*THE RECORDS*:
----------

definition checkable :: "('g, 'b) monoid_scheme \<Rightarrow> ('g \<Rightarrow> 'k::field) set \<Rightarrow> bool" where
  "checkable G I \<longleftrightarrow> (\<exists>v \<in> group_algebra G. I = {a \<in> group_algebra G. ga_mult G v a = (\<lambda>_. 0)})"

definition ga_sum_elem :: "('g, 'b) monoid_scheme \<Rightarrow> ('g \<Rightarrow> 'k::field)" where
  "ga_sum_elem G = (\<lambda>x. if x \<in> carrier G then 1 else 0)"

end

theory Submission
  imports Defs "HOL-Algebra.Group_Action" "HOL-Algebra.Sylow" "HOL-Algebra.Multiplicative_Group"
    "HOL-Library.Function_Algebras"
begin

text \<open>
  If \<open>T\<close> is cyclic with generator \<open>g\<close>, the annihilator of \<open>1 - g\<close> consists of the functions
  invariant under left translation by \<open>g\<close>, i.e. of the multiples of \<open>\<sigma> = \<Sum>t\<in>T. t\<close>.

  Conversely let \<open>K\<sigma> = {a. v a = 0}\<close> with \<open>T\<close> not cyclic. Intersecting two maximal subgroups
  (normal of index \<open>p\<close>, as in every \<open>p\<close>-group) gives \<open>N\<close> with \<open>T/N\<close> elementary abelian of order
  at least \<open>p\<^sup>2\<close>. On the \<open>N\<close>-invariant elements \<open>W \<cong> K[T/N]\<close> left multiplication by \<open>v\<close> is a sum
  of the commuting operators \<open>v\<^sub>y\<close> times translation by \<open>y\<close>, whose \<open>p\<close>-th powers are the scalars
  \<open>v\<^sub>y\<^sup>p\<close>; by the Frobenius identity its \<open>p\<close>-th power is \<open>(\<Sum>y. v\<^sub>y)\<^sup>p\<close>, which vanishes because
  \<open>v \<sigma> = 0\<close>. Its kernel lies in \<open>K\<sigma>\<close>, so \<open>|W| \<le> |K|\<^sup>p\<close>, whereas \<open>|W| = |K|\<^bsup>|T:N|\<^esup> > |K|\<^sup>p\<close>.
\<close>

section \<open>Maximal subgroups of \<open>p\<close>-groups\<close>

lemma (in group) prime_power_order_finite:
  assumes "prime p" "order G = p ^ n"
  shows "finite (carrier G)"
  using assms order_gt_0_iff_finite prime_gt_0_nat by fastforce

lemma (in group) card_subgroup_prime_power:
  assumes "prime p" "order G = p ^ n" "subgroup H G"
  shows "\<exists>i. card H = p ^ i"
proof -
  have "card H dvd p ^ n" using lagrange[OF assms(3)] assms(2) by (metis dvd_triv_right)
  thus ?thesis using divides_primepow_nat[OF assms(1)] by auto
qed

lemma (in group) card_rcosets_prime_power:
  assumes "prime p" "order G = p ^ n" "subgroup H G"
  shows "\<exists>i. card (rcosets H) = p ^ i"
proof -
  have "card (rcosets H) dvd p ^ n" using lagrange[OF assms(3)] assms(2) by (metis dvd_triv_left)
  thus ?thesis using divides_primepow_nat[OF assms(1)] by auto
qed

lemma (in group) p_group_proper_subgroup_index_dvd:
  assumes "prime p" "order G = p ^ n" "subgroup H G" "H \<noteq> carrier G"
  shows "p dvd card (rcosets H)"
proof -
  obtain k where k: "card (rcosets H) = p ^ k" using card_rcosets_prime_power[OF assms(1-3)] by blast
  have "k \<noteq> 0"
  proof
    assume "k = 0"
    hence "card H = card (carrier G)" using lagrange[OF assms(3)] k by (simp add: order_def)
    thus False
      using card_subset_eq[OF prime_power_order_finite[OF assms(1,2)] subgroup.subset[OF assms(3)]] assms(4)
      by simp
  qed
  thus ?thesis using k by simp
qed

lemma (in group) p_group_index_gt_prime:
  assumes "prime p" "order G = p ^ n" "subgroup H G" "subgroup K G" "H \<subset> K" "K \<noteq> carrier G"
  shows "p < card (rcosets H)"
proof -
  have p1: "p > 1" using prime_gt_1_nat[OF assms(1)] .
  have fin: "finite (carrier G)" using prime_power_order_finite[OF assms(1,2)] .
  obtain a where a: "card H = p ^ a" using card_subgroup_prime_power[OF assms(1-3)] by blast
  obtain b where b: "card K = p ^ b" using card_subgroup_prime_power[OF assms(1,2,4)] by blast
  obtain k where k: "card (rcosets H) = p ^ k" using card_rcosets_prime_power[OF assms(1-3)] by blast
  have "card H < card K"
    using assms(5) finite_subset[OF subgroup.subset[OF assms(4)] fin] by (rule psubset_card_mono[rotated])
  hence "a < b" using a b p1 by simp
  have "card K < card (carrier G)"
    using assms(6) fin subgroup.subset[OF assms(4)] by (intro psubset_card_mono) auto
  hence "b < n" using b assms(2) p1 by (simp add: order_def)
  have "p ^ (k + a) = p ^ n" using lagrange[OF assms(3)] k a assms(2) by (simp add: power_add)
  hence "k + a = n" using p1 by (simp add: power_inject_exp)
  hence "p ^ 2 \<le> p ^ k" using \<open>a < b\<close> \<open>b < n\<close> p1 by (intro power_increasing) auto
  moreover have "p < p ^ 2" using p1 by (simp add: power2_eq_square)
  ultimately show ?thesis using k by simp
qed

----------

*WORK INSTRUCTIONS*:
Print every record above exactly as it appears.

*RESPONSE AREA*:
definition checkable :: "('g, 'b) monoid_scheme \<Rightarrow> ('g \<Rightarrow> 'k::field) set \<Rightarrow> bool" where
  "checkable G I \<longleftrightarrow> (\<exists>v \<in> group_algebra G. I = {a \<in> group_algebra G. ga_mult G v a = (\<lambda>_. 0)})"

definition ga_sum_elem :: "('g, 'b) monoid_scheme \<Rightarrow> ('g \<Rightarrow> 'k::field)" where
  "ga_sum_elem G = (\<lambda>x. if x \<in> carrier G then 1 else 0)"

end

theory Submission
  imports Defs "HOL-Algebra.Group_Action" "HOL-Algebra.Sylow" "HOL-Algebra.Multiplicative_Group"
    "HOL-Library.Function_Algebras"
begin

text \<open>
  If \<open>T\<close> is cyclic with generator \<open>g\<close>, the annihilator of \<open>1 - g\<close> consists of the functions
  invariant under left translation by \<open>g\<close>, i.e. of the multiples of \<open>\<sigma> = \<Sum>t\<in>T. t\<close>.

  Conversely let \<open>K\<sigma> = {a. v a = 0}\<close> with \<open>T\<close> not cyclic. Intersecting two maximal subgroups
  (normal of index \<open>p\<close>, as in every \<open>p\<close>-group) gives \<open>N\<close> with \<open>T/N\<close> elementary abelian of order
  at least \<open>p\<^sup>2\<close>. On the \<open>N\<close>-invariant elements \<open>W \<cong> K[T/N]\<close> left multiplication by \<open>v\<close> is a sum
  of the commuting operators \<open>v\<^sub>y\<close> times translation by \<open>y\<close>, whose \<open>p\<close>-th powers are the scalars
  \<open>v\<^sub>y\<^sup>p\<close>; by the Frobenius identity its \<open>p\<close>-th power is \<open>(\<Sum>y. v\<^sub>y)\<^sup>p\<close>, which vanishes because
  \<open>v \<sigma> = 0\<close>. Its kernel lies in \<open>K\<sigma>\<close>, so \<open>|W| \<le> |K|\<^sup>p\<close>, whereas \<open>|W| = |K|\<^bsup>|T:N|\<^esup> > |K|\<^sup>p\<close>.
\<close>

section \<open>Maximal subgroups of \<open>p\<close>-groups\<close>

lemma (in group) prime_power_order_finite:
  assumes "prime p" "order G = p ^ n"
  shows "finite (carrier G)"
  using assms order_gt_0_iff_finite prime_gt_0_nat by fastforce

lemma (in group) card_subgroup_prime_power:
  assumes "prime p" "order G = p ^ n" "subgroup H G"
  shows "\<exists>i. card H = p ^ i"
proof -
  have "card H dvd p ^ n" using lagrange[OF assms(3)] assms(2) by (metis dvd_triv_right)
  thus ?thesis using divides_primepow_nat[OF assms(1)] by auto
qed

lemma (in group) card_rcosets_prime_power:
  assumes "prime p" "order G = p ^ n" "subgroup H G"
  shows "\<exists>i. card (rcosets H) = p ^ i"
proof -
  have "card (rcosets H) dvd p ^ n" using lagrange[OF assms(3)] assms(2) by (metis dvd_triv_left)
  thus ?thesis using divides_primepow_nat[OF assms(1)] by auto
qed

lemma (in group) p_group_proper_subgroup_index_dvd:
  assumes "prime p" "order G = p ^ n" "subgroup H G" "H \<noteq> carrier G"
  shows "p dvd card (rcosets H)"
proof -
  obtain k where k: "card (rcosets H) = p ^ k" using card_rcosets_prime_power[OF assms(1-3)] by blast
  have "k \<noteq> 0"
  proof
    assume "k = 0"
    hence "card H = card (carrier G)" using lagrange[OF assms(3)] k by (simp add: order_def)
    thus False
      using card_subset_eq[OF prime_power_order_finite[OF assms(1,2)] subgroup.subset[OF assms(3)]] assms(4)
      by simp
  qed
  thus ?thesis using k by simp
qed

lemma (in group) p_group_index_gt_prime:
  assumes "prime p" "order G = p ^ n" "subgroup H G" "subgroup K G" "H \<subset> K" "K \<noteq> carrier G"
  shows "p < card (rcosets H)"
proof -
  have p1: "p > 1" using prime_gt_1_nat[OF assms(1)] .
  have fin: "finite (carrier G)" using prime_power_order_finite[OF assms(1,2)] .
  obtain a where a: "card H = p ^ a" using card_subgroup_prime_power[OF assms(1-3)] by blast
  obtain b where b: "card K = p ^ b" using card_subgroup_prime_power[OF assms(1,2,4)] by blast
  obtain k where k: "card (rcosets H) = p ^ k" using card_rcosets_prime_power[OF assms(1-3)] by blast
  have "card H < card K"
    using assms(5) finite_subset[OF subgroup.subset[OF assms(4)] fin] by (rule psubset_card_mono[rotated])
  hence "a < b" using a b p1 by simp
  have "card K < card (carrier G)"
    using assms(6) fin subgroup.subset[OF assms(4)] by (intro psubset_card_mono) auto
  hence "b < n" using b assms(2) p1 by (simp add: order_def)
  have "p ^ (k + a) = p ^ n" using lagrange[OF assms(3)] k a assms(2) by (simp add: power_add)
  hence "k + a = n" using p1 by (simp add: power_inject_exp)
  hence "p ^ 2 \<le> p ^ k" using \<open>a < b\<close> \<open>b < n\<close> p1 by (intro power_increasing) auto
  moreover have "p < p ^ 2" using p1 by (simp add: power2_eq_square)
  ultimately show ?thesis using k by simp
qed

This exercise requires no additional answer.